Islahat Fermanı da Padişah Abdulmecit zamanında ilan edilmişti ama artık
başrolde Tanzimat Fermanının mimarı Mustafa Reşit Paşa değil, Mustafa Reşit
Paşa’nın yetiştirdiği Sadrazam Âli Paşa( Mehmet Emin Âli Paşa) ve Hariciye
vekili Fuad Paşa( Keçecizâde Fuad Paşa) vardı ve işin ilginci Tanzimat Fermanını
hazırlayan Mustafa Reşit Paşa, öğrencilerinin hazırladığı Islahat Fermanını
yerden yere vuruyor, dahası ihanet olarak görüyordu. Özetle söylediği şuydu:
''Hristiyan takımına akıllara sığmayacak ayrıcalıklar verilip şımartılmaması
devlet aklının gereği iken, buna dikkat edilmemiş oluşu acayiptir.

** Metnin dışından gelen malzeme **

definition What :: "'a::euclidean_space set \<Rightarrow> 'a \<Rightarrow> ('a \<Rightarrow> 'a) set" where
  "What \<Delta> \<theta> = {w \<in> affW \<Delta> \<theta>. alcove \<Delta> \<theta> w \<subseteq> domC \<Delta>}"

definition coset :: "'a::euclidean_space set \<Rightarrow> 'a \<Rightarrow> ('a \<Rightarrow> 'a) \<Rightarrow> ('a \<Rightarrow> 'a) set" where
  "coset \<Delta> \<theta> u = {gmul u w | w. w \<in> finW \<Delta> \<theta>}"

definition coset_rep :: "'a::euclidean_space set \<Rightarrow> 'a \<Rightarrow> ('a \<Rightarrow> 'a) \<Rightarrow> ('a \<Rightarrow> 'a)" where
  "coset_rep \<Delta> \<theta> u = (THE v. v \<in> What \<Delta> \<theta> \<and> v \<in> coset \<Delta> \<theta> u)"

definition separates :: "'a::euclidean_space set \<Rightarrow> 'a set \<Rightarrow> 'a set \<Rightarrow> bool" where
  "separates H X Y \<longleftrightarrow> (\<exists>\<beta> k. \<beta> \<noteq> 0 \<and> H = {x. x \<bullet> \<beta> = k} \<and>
      (((\<forall>x\<in>interior X. x \<bullet> \<beta> < k) \<and> (\<forall>y\<in>interior Y. k < y \<bullet> \<beta>)) \<or>
       ((\<forall>x\<in>interior X. k < x \<bullet> \<beta>) \<and> (\<forall>y\<in>interior Y. y \<bullet> \<beta> < k))))"

definition hyperplanes :: "'a::euclidean_space set \<Rightarrow> 'a set \<Rightarrow> 'a set set" where
  "hyperplanes \<Phi> \<Delta> = {{x. x \<bullet> \<beta> = of_int k} | \<beta> k. \<beta> \<in> pos_roots \<Phi> \<Delta>}"

definition Upsilon :: "'a::euclidean_space set \<Rightarrow> 'a set \<Rightarrow> 'a \<Rightarrow> 'a set" where
  "Upsilon \<Phi> \<Delta> z0 = {\<eta> \<in> coroot_lattice \<Phi> - {0}. \<forall>t::real. t \<ge> 0 \<longrightarrow>
      \<not> (\<exists>H1\<in>hyperplanes \<Phi> \<Delta>. \<exists>H2\<in>hyperplanes \<Phi> \<Delta>. H1 \<noteq> H2 \<and> z0 + t *\<^sub>R \<eta> \<in> H1 \<and> z0 + t *\<^sub>R \<eta> \<in> H2)}"

definition ray_seq :: "'a::euclidean_space set \<Rightarrow> 'a \<Rightarrow> 'a \<Rightarrow> 'a \<Rightarrow> (nat \<Rightarrow> 'a option) \<Rightarrow> bool" where
  "ray_seq \<Delta> \<theta> z0 \<eta> i \<longleftrightarrow> (\<forall>j. i j \<in> aff_idx \<Delta>) \<and>
     (\<exists>(u :: nat \<Rightarrow> 'a \<Rightarrow> 'a) (\<tau> :: nat \<Rightarrow> real).
        u 0 = id \<and> \<tau> 0 = 0 \<and> strict_mono \<tau> \<and> filterlim \<tau> at_top sequentially \<and>
        (\<forall>j. u (Suc j) = smul \<theta> (i j) (u j)) \<and>
        (\<forall>j. \<forall>t\<in>{\<tau> j..\<tau> (Suc j)}. z0 + t *\<^sub>R \<eta> \<in> alcove \<Delta> \<theta> (u j)))"

text \<open>One step of the chain M-tilde (states (u,k), k in {0..<N} representing Z/NZ).\<close>
definition step_tilde :: "'a::euclidean_space set \<Rightarrow> 'a \<Rightarrow> nat \<Rightarrow> (nat \<Rightarrow> 'a option) \<Rightarrow> real
    \<Rightarrow> ('a \<Rightarrow> 'a) \<times> nat \<Rightarrow> (('a \<Rightarrow> 'a) \<times> nat) pmf" where
  "step_tilde \<Delta> \<theta> N i p s = (case s of (u, k) \<Rightarrow>
     (if \<not> separates (hyp \<theta> u (i k)) (alcove \<Delta> \<theta> u) (fundA \<Delta> \<theta>)
      then map_pmf (\<lambda>b. if b then (smul \<theta> (i k) u, Suc k mod N) else (u, Suc k mod N)) (bernoulli_pmf p)
      else return_pmf (u, Suc k mod N)))"

definition step_hat :: "'a::euclidean_space set \<Rightarrow> 'a \<Rightarrow> nat \<Rightarrow> (nat \<Rightarrow> 'a option) \<Rightarrow> real
    \<Rightarrow> ('a \<Rightarrow> 'a) \<times> nat \<Rightarrow> (('a \<Rightarrow> 'a) \<times> nat) pmf" where
  "step_hat \<Delta> \<theta> N i p s = (case s of (u, k) \<Rightarrow>
     (if \<not> separates (hyp \<theta> u (i k)) (alcove \<Delta> \<theta> u) (fundA \<Delta> \<theta>)
         \<and> alcove \<Delta> \<theta> (smul \<theta> (i k) u) \<subseteq> domC \<Delta>
      then map_pmf (\<lambda>b. if b then (smul \<theta> (i k) u, Suc k mod N) else (u, Suc k mod N)) (bernoulli_pmf p)
      else return_pmf (u, Suc k mod N)))"

definition chain_dist :: "(('b \<Rightarrow> 'b) \<times> nat \<Rightarrow> (('b \<Rightarrow> 'b) \<times> nat) pmf) \<Rightarrow> nat \<Rightarrow> (('b \<Rightarrow> 'b) \<times> nat) pmf" where
  "chain_dist step M = ((\<lambda>d. bind_pmf d step) ^^ M) (return_pmf (id, 0))"

end

theory Submission
  imports Defs
begin

text \<open>Every state \<open>u\<close> reached by the chain on \<open>affW\<close> has the form \<open>w \<circ> v\<close> with \<open>w\<close> in
  the finite Weyl group and \<open>v \<in> What\<close>; then \<open>v\<close> is the representative of the coset of \<open>u\<close>.
  Since \<open>w\<close> is an orthogonal map permuting the roots, the hyperplanes crossed by the next step
  from \<open>u\<close> and from \<open>v\<close> lie at the same level \<open>k\<close>. If \<open>k \<noteq> 0\<close>, whether the hyperplane
  separates the alcove from the fundamental one depends only on \<open>k\<close> and the type of the step, and
  the neighbouring alcove of \<open>v\<close> stays in the dominant chamber; so both chains make the same move
  on representatives. If \<open>k = 0\<close>, the hyperplane is a wall of the chamber through the origin: the
  chain on \<open>What\<close> cannot cross it, and crossing it does not change the coset of \<open>u\<close>. Hence taking
  coset representatives lumps one chain onto the other.\<close>

lemma independent_coeff_zero:
  fixes S :: "'a::real_vector set"
  assumes "finite S" "independent S" "(\<Sum>v\<in>S. u v *\<^sub>R v) = 0" "v \<in> S"
  shows "u v = 0"
  using assms dependent_finite[OF assms(1)] by blast

lemma sum_scaleR_single:
  fixes S :: "'a::real_vector set"
  assumes "finite S" "a \<in> S"
  shows "(\<Sum>\<gamma>\<in>S. (if \<gamma> = a then r else 0) *\<^sub>R \<gamma>) = r *\<^sub>R a"
proof -
  have "(\<Sum>\<gamma>\<in>S. (if \<gamma> = a then r else 0) *\<^sub>R \<gamma>) = (\<Sum>\<gamma>\<in>S. if \<gamma> = a then r *\<^sub>R a else 0)"
    by (rule sum.cong) auto
  then show ?thesis using assms by simp
qed

lemma interior_INT_finite:
  "finite I \<Longrightarrow> interior (\<Inter>i\<in>I. S i) = (\<Inter>i\<in>I. interior (S i))"
  by (induction rule: finite_induct) (simp_all only: INT_insert INT_empty interior_Int interior_UNIV)

lemma nat_change_point: "\<not> P 0 \<Longrightarrow> P n \<Longrightarrow> \<exists>k<n. \<not> P k \<and> P (Suc k)"
proof (induction n)
  case (Suc n) then show ?case by (cases "P n") (auto intro: less_SucI)
qed simp

lemma convex_comb_zero:
  fixes A B :: real
  assumes "A * B < 0"
  obtains m where "0 \<le> m" "m < 1" "(1 - m) * A + m * B = 0"
proof
  have "A \<noteq> B" using assms by auto
  show "0 \<le> A / (A - B)" "A / (A - B) < 1"
    using assms by (auto simp: mult_less_0_iff divide_simps)
  show "(1 - A / (A - B)) * A + A / (A - B) * B = 0"
    using \<open>A \<noteq> B\<close> by (simp add: field_simps)
qed

definition linear_part :: "('a::real_vector \<Rightarrow> 'a) \<Rightarrow> 'a \<Rightarrow> 'a" where
  "linear_part u x = u x - u 0"

lemma linear_part_add: "u x = linear_part u x + u 0"
  by (simp add: linear_part_def)

lemma linear_part_linear: "linear f \<Longrightarrow> linear_part f = f"
  by (rule ext) (simp add: linear_part_def linear_0)

lemma linear_part_comp:
  assumes "linear (linear_part u)" shows "linear_part (u \<circ> v) = linear_part u \<circ> linear_part v"
proof
  fix x
  have "linear_part (u \<circ> v) x = linear_part u (v x) - linear_part u (v 0)"
    by (simp add: linear_part_def)
  also have "\<dots> = linear_part u (linear_part v x)"
    by (simp add: linear_diff[OF assms] linear_part_def[of v])
  finally show "linear_part (u \<circ> v) x = (linear_part u \<circ> linear_part v) x" by simp
qed

definition reflection :: "'a::euclidean_space \<Rightarrow> 'a \<Rightarrow> 'a" where
  "reflection b x = x - (x \<bullet> b) *\<^sub>R coroot b"

lemma inner_coroot_self: "b \<noteq> 0 \<Longrightarrow> coroot b \<bullet> b = 2"
  by (simp add: coroot_def)

lemma reflection_eq: "reflection a b = b - (b \<bullet> coroot a) *\<^sub>R a"
  by (simp add: reflection_def coroot_def mult.commute)

lemma reflection_reflection: "b \<noteq> 0 \<Longrightarrow> reflection b (reflection b x) = x"
  by (simp add: reflection_def inner_coroot_self algebra_simps)

lemma reflection_self: "b \<noteq> 0 \<Longrightarrow> reflection b b = - b"
  by (simp add: reflection_def coroot_def algebra_simps scaleR_2)
lemma expectation_edf_measure:
  assumes "t \<in> interior \<Theta>"
  shows "(\<integral>y. y \<partial>edf_measure \<nu> \<kappa> a v \<phi> t) = deriv \<kappa> t"
proof -
  have "(\<integral>y. y \<partial>edf_measure \<nu> \<kappa> a v \<phi> t) = mean t"
    unfolding edf_measure_def mean_def
  proof (subst integral_density)
    show "(\<lambda>y. y) \<in> borel_measurable \<nu>"
      by (simp add: borel_measurable_nu)
  qed (simp_all add: less_imp_le[OF edf_density_pos] mult.commute)
  then show ?thesis
    by (simp add: deriv_kappa assms)
qed

lemma mono_edf_cdfs:
  assumes "\<mu> \<in> deriv \<kappa> ` interior \<Theta>"
  shows "mono (edf_cdf \<nu> \<kappa> \<Theta> a v \<phi> \<mu>)" and "mono (edf_cdf_strict \<nu> \<kappa> \<Theta> a v \<phi> \<mu>)"
proof -
  obtain t where t: "t \<in> interior \<Theta>" and \<mu>: "\<mu> = deriv \<kappa> t"
    using assms by blast
  have "t \<in> \<Theta>"
    using t interior_subset by blast
  then interpret prob_space "edf_measure \<nu> \<kappa> a v \<phi> t"
    by (rule prob_space_edf_measure)
  have "edf_cdf \<nu> \<kappa> \<Theta> a v \<phi> \<mu> = (\<lambda>y. measure (edf_measure \<nu> \<kappa> a v \<phi> t) {..y})"
    and "edf_cdf_strict \<nu> \<kappa> \<Theta> a v \<phi> \<mu> = (\<lambda>y. measure (edf_measure \<nu> \<kappa> a v \<phi> t) {..<y})"
    by (simp_all add: fun_eq_iff edf_cdf_def edf_cdf_strict_def \<mu> canon_link_deriv t)
  then show "mono (edf_cdf \<nu> \<kappa> \<Theta> a v \<phi> \<mu>)" and "mono (edf_cdf_strict \<nu> \<kappa> \<Theta> a v \<phi> \<mu>)"
    using mono_measure_atMost[OF finite_measure_axioms sets_edf_measure]
      mono_measure_lessThan[OF finite_measure_axioms sets_edf_measure]
    by simp_all
qed
(* Let $C_1,\dots,C_m\subseteq\mathbb{R}^L$ be closed convex sets (the convex feasibility problem $T$), let $\mathrm{Prox}_T:\mathbb{R}^L\to[0,\infty)$ be a proximity function, let $\mathcal{A}:\mathbb{R}^L\to\mathbb{R}^L$ be an algorithmic operator, and let $\phi:\mathbb{R}^L\to\mathbb{R}$ be a target function. Assume that the basic algorithm defined by $\mathcal{A}$ is strongly perturbation resilient and that there is $\varepsilon>0$ such that for every $x^0\in\mathbb{R}^L$ the $\varepsilon$-output of the sequence $x^{k+1}=\mathcal{A}(x^k)$ exists. Let $\{\eta_\ell\}_{\ell=0}^\infty$ be a summable sequence of positive real numbers, let $\{N_k\}_{k=0}^\infty$ be a sequence of positive integers bounded by some positive integer $N$, and let $\bar y\in\mathbb{R}^L$. Let $\{y^k\}_{k=0}^\infty$ be any sequence produced by the following procedure (Algorithm 1): set $y^0=\bar y$ and a counter $\ell=0$; for each $k\ge 0$, set $y^{k,0}=y^k$, and for $n=0,1,\dots,N_k-1$ choose any $v^{k,n}\in\mathcal{B}_{\eta_\ell,\phi}(y^{k,n})$, set $y^{k,n+1}=y^{k,n}+v^{k,n}$ and increase $\ell$ by $1$; then set $y^{k+1}=\mathcal{A}(y^{k,N_k})$. Then for every $\varepsilon'>\varepsilon$, the $\varepsilon'$-output of the sequence $\{y^k\}_{k=0}^\infty$ with respect to $(T,\mathrm{Prox}_T)$ exists.
   Context: Given $\varepsilon>0$ and a sequence $\{x^k\}_{k=0}^\infty\subseteq\mathbb{R}^L$, an element $x^K$ is the $\varepsilon$-output of the sequence (with respect to $(T,\mathrm{Prox}_T)$) if $\mathrm{Prox}_T(x^K)\le\varepsilon$ and $\mathrm{Prox}_T(x^k)>\varepsilon$ for all $0\le k<K$. The basic algorithm $x^{k+1}=\mathcal{A}(x^k)$ is strongly perturbation resilient if (i) there exists $\varepsilon>0$ such that the $\varepsilon$-output of $\{x^k\}$ exists for every $x^0\in\mathbb{R}^L$; and (ii) for every $\varepsilon>0$ for which the $\varepsilon$-output of $\{x^k\}$ exists for every $x^0$, the $\varepsilon'$-output also exists for every $\varepsilon'>\varepsilon$ and every sequence $\{y^k\}$ generated by $y^{k+1}=\mathcal{A}(y^k+\beta_k v^k)$, where $\{v^k\}\subseteq\mathbb{R}^L$ is bounded and $\beta_k\ge0$ with $\sum_k\beta_k<\infty$. For $\delta>0$ and $y\in\mathbb{R}^L$, the nonascending $\delta$-ball is $\mathcal{B}_{\delta,\phi}(y):=\{d\in\mathbb{R}^L:\|d\|\le\delta,\ \phi(y+d)\le\phi(y)\}$ ($\|\cdot\|$ the Euclidean norm). *)

theory Defs
  imports "HOL-Analysis.Analysis"
begin

definition is_eps_output :: "('a \<Rightarrow> real) \<Rightarrow> real \<Rightarrow> (nat \<Rightarrow> 'a) \<Rightarrow> nat \<Rightarrow> bool" where
  "is_eps_output Prox eps x K \<longleftrightarrow> Prox (x K) \<le> eps \<and> (\<forall>k<K. Prox (x k) > eps)"

definition eps_output_exists :: "('a \<Rightarrow> real) \<Rightarrow> real \<Rightarrow> (nat \<Rightarrow> 'a) \<Rightarrow> bool" where
  "eps_output_exists Prox eps x \<longleftrightarrow> (\<exists>K. is_eps_output Prox eps x K)"

definition strongly_perturbation_resilient ::
  "('a::real_normed_vector \<Rightarrow> real) \<Rightarrow> ('a \<Rightarrow> 'a) \<Rightarrow> bool" where
  "strongly_perturbation_resilient Prox A \<longleftrightarrow>
     (\<exists>eps>0. \<forall>x0. eps_output_exists Prox eps (\<lambda>k. (A ^^ k) x0)) \<and>
     (\<forall>eps>0. (\<forall>x0. eps_output_exists Prox eps (\<lambda>k. (A ^^ k) x0)) \<longrightarrow>
        (\<forall>eps'>eps. \<forall>(y::nat \<Rightarrow> 'a) (v::nat \<Rightarrow> 'a) (\<beta>::nat \<Rightarrow> real).
            bounded (range v) \<and> (\<forall>k. \<beta> k \<ge> 0) \<and> summable \<beta> \<and>
            (\<forall>k. y (Suc k) = A (y k + \<beta> k *\<^sub>R v k))
            \<longrightarrow> eps_output_exists Prox eps' y))"

definition nonasc_ball :: "real \<Rightarrow> ('a::real_normed_vector \<Rightarrow> real) \<Rightarrow> 'a \<Rightarrow> 'a set" where
  "nonasc_ball \<delta> \<phi> y = {d. norm d \<le> \<delta> \<and> \<phi> (y + d) \<le> \<phi> y}"

text \<open>Algorithm 1: y k are the outer iterates, yy k n the inner iterates y^{k,n},
  v k n the perturbations v^{k,n}; the counter value at inner step (k,n) is
  (sum of N j for j<k) + n.\<close>
definition algorithm1 ::
  "('a::real_normed_vector \<Rightarrow> 'a) \<Rightarrow> ('a \<Rightarrow> real) \<Rightarrow> (nat \<Rightarrow> real) \<Rightarrow> (nat \<Rightarrow> nat) \<Rightarrow> 'a
   \<Rightarrow> (nat \<Rightarrow> 'a) \<Rightarrow> (nat \<Rightarrow> nat \<Rightarrow> 'a) \<Rightarrow> (nat \<Rightarrow> nat \<Rightarrow> 'a) \<Rightarrow> bool" where
  "algorithm1 A \<phi> \<eta> N ybar y yy v \<longleftrightarrow>
     y 0 = ybar \<and>
     (\<forall>k. yy k 0 = y k) \<and>
     (\<forall>k. \<forall>n<N k. v k n \<in> nonasc_ball (\<eta> ((\<Sum>j<k. N j) + n)) \<phi> (yy k n)
                  \<and> yy k (Suc n) = yy k n + v k n) \<and>
     (\<forall>k. y (Suc k) = A (yy k (N k)))"

end

theory Submission
  imports Defs
begin

text \<open>The N k inner perturbations of outer step k have total norm at most the block sum
  of \<eta> over the counter values used in that step; these block sums are summable because
  \<eta> is, and dividing the total displacement by its block sum gives a bounded direction.
  Algorithm 1 is therefore a bounded, summable perturbation of the basic algorithm, and
  strong perturbation resilience applies.\<close>

lemma sum_lessThan_add:
  fixes f :: "nat \<Rightarrow> 'b::comm_monoid_add"
  shows "(\<Sum>i<a + b. f i) = (\<Sum>i<a. f i) + (\<Sum>n<b. f (a + n))"
  by (induction b) (simp_all add: add.assoc)

lemma summable_block_sums:
  fixes \<eta> :: "nat \<Rightarrow> real" and N :: "nat \<Rightarrow> nat"
  assumes nonneg: "\<And>l. 0 \<le> \<eta> l" and "summable \<eta>"
  shows "summable (\<lambda>k. \<Sum>n<N k. \<eta> ((\<Sum>j<k. N j) + n))"
proof (rule summableI_nonneg_bounded[where x = "suminf \<eta>"])
  show "0 \<le> (\<Sum>n<N k. \<eta> ((\<Sum>j<k. N j) + n))" for k
    using nonneg by (simp add: sum_nonneg)
  have partial: "(\<Sum>k<K. \<Sum>n<N k. \<eta> ((\<Sum>j<k. N j) + n)) = (\<Sum>l<(\<Sum>j<K. N j). \<eta> l)" for K
    by (induction K) (simp_all add: sum_lessThan_add)
  show "(\<Sum>k<K. \<Sum>n<N k. \<eta> ((\<Sum>j<k. N j) + n)) \<le> suminf \<eta>" for K
    unfolding partial using assms by (intro sum_le_suminf) auto
qed

lemma bounded_rescaled_displacements:
  fixes x z :: "nat \<Rightarrow> 'a::real_normed_vector"
  assumes "\<And>k. norm (z k - x k) \<le> \<beta> k" and "\<And>k. \<beta> k > 0"
  obtains w where "bounded (range w)" and "\<And>k. z k = x k + \<beta> k *\<^sub>R w k"
proof
  define w where "w k = (1 / \<beta> k) *\<^sub>R (z k - x k)" for k
  have "norm (w k) \<le> 1" for k
    using assms[of k] by (simp add: w_def divide_le_eq_1)
  then show "bounded (range w)"
    unfolding bounded_iff by blast
  show "z k = x k + \<beta> k *\<^sub>R w k" for k
    using assms(2)[of k] by (simp add: w_def)
qed

lemma algorithm1_displacement_bound:
  assumes "algorithm1 A \<phi> \<eta> N ybar y yy v"
  shows "norm (yy k (N k) - y k) \<le> (\<Sum>n<N k. \<eta> ((\<Sum>j<k. N j) + n))"
proof -
  have start: "yy k 0 = y k"
    and inner: "\<And>n. n < N k \<Longrightarrow> norm (v k n) \<le> \<eta> ((\<Sum>j<k. N j) + n) \<and> yy k (Suc n) = yy k n + v k n"
    using assms unfolding algorithm1_def nonasc_ball_def by auto
  have "n \<le> N k \<Longrightarrow> yy k n - y k = (\<Sum>i<n. v k i)" for n
    by (induction n) (use start inner in auto)
  then have "norm (yy k (N k) - y k) = norm (\<Sum>n<N k. v k n)"
    by simp
  also have "\<dots> \<le> (\<Sum>n<N k. norm (v k n))"
    by (rule norm_sum)
  also have "\<dots> \<le> (\<Sum>n<N k. \<eta> ((\<Sum>j<k. N j) + n))"
    using inner by (intro sum_mono) auto
  finally show ?thesis .
qed

lemma strongly_perturbation_resilientD:
  assumes "strongly_perturbation_resilient Prox A"
    and "eps > 0" and "\<forall>x0. eps_output_exists Prox eps (\<lambda>k. (A ^^ k) x0)"
    and "eps' > eps" and "bounded (range v)" and "\<And>k. \<beta> k \<ge> 0" and "summable \<beta>"
    and "\<And>k. y (Suc k) = A (y k + \<beta> k *\<^sub>R v k)"
  shows "eps_output_exists Prox eps' y"
  using assms unfolding strongly_perturbation_resilient_def by blast

theorem lemma1:
  fixes C :: "nat \<Rightarrow> 'a::euclidean_space set" and m :: nat
    and Prox :: "'a \<Rightarrow> real" and A :: "'a \<Rightarrow> 'a" and \<phi> :: "'a \<Rightarrow> real"
    and eps :: real and \<eta> :: "nat \<Rightarrow> real" and N :: "nat \<Rightarrow> nat" and Nmax :: nat
    and ybar :: 'a and y :: "nat \<Rightarrow> 'a" and yy v :: "nat \<Rightarrow> nat \<Rightarrow> 'a"
  assumes "\<forall>i<m. closed (C i) \<and> convex (C i)"
    and "\<forall>x. Prox x \<ge> 0"
    and "strongly_perturbation_resilient Prox A"
    and "eps > 0"
    and "\<forall>x0. eps_output_exists Prox eps (\<lambda>k. (A ^^ k) x0)"
    and "\<forall>l. \<eta> l > 0" and "summable \<eta>"
    and "Nmax > 0" and "\<forall>k. 0 < N k \<and> N k \<le> Nmax"
    and "algorithm1 A \<phi> \<eta> N ybar y yy v"
  shows "\<forall>eps'>eps. eps_output_exists Prox eps' y"
proof (intro allI impI)
  fix eps' :: real
  assume "eps' > eps"
  define \<beta> where "\<beta> k = (\<Sum>n<N k. \<eta> ((\<Sum>j<k. N j) + n))" for k
  have \<beta>_pos: "\<beta> k > 0" for k
    unfolding \<beta>_def using assms(6,9) by (intro sum_pos) auto
  obtain w where "bounded (range w)" and step: "\<And>k. yy k (N k) = y k + \<beta> k *\<^sub>R w k"
    using bounded_rescaled_displacements[of "\<lambda>k. yy k (N k)" y \<beta>]
      algorithm1_displacement_bound[OF assms(10)] \<beta>_pos
    unfolding \<beta>_def by blast
  have "\<beta> k \<ge> 0" for k
    using \<beta>_pos[of k] by simp
  moreover have "summable \<beta>"
    unfolding \<beta>_def using assms(6,7) by (intro summable_block_sums) (auto intro: less_imp_le)
  moreover have "y (Suc k) = A (y k + \<beta> k *\<^sub>R w k)" for k
    using assms(10) step unfolding algorithm1_def by simp
  ultimately show "eps_output_exists Prox eps' y"
    by (rule strongly_perturbation_resilientD[OF assms(3-5) \<open>eps' > eps\<close> \<open>bounded (range w)\<close>])
qed

end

Bu, Devlet-i
Aliyye'nin 600 senelik rengini tersine çevirecek ve ehl-i İslam ile Hristiyan
arasında maazallah katliamlara sebep olacak bir şeydir.’’
Peki neler vardı bu Islahat fermanında.
Kabaca şunlar vardı:
- Gayrimüslimlere devlet görevine girme, askerlik yapma, askeri okullara girme
konularında Müslümanlarla aynı haklar tanınacaktır.
- Vergi konusunda eşitlik
sağlanacak, iltizam yönetimi ve cizye vergisi kaldırılacaktır.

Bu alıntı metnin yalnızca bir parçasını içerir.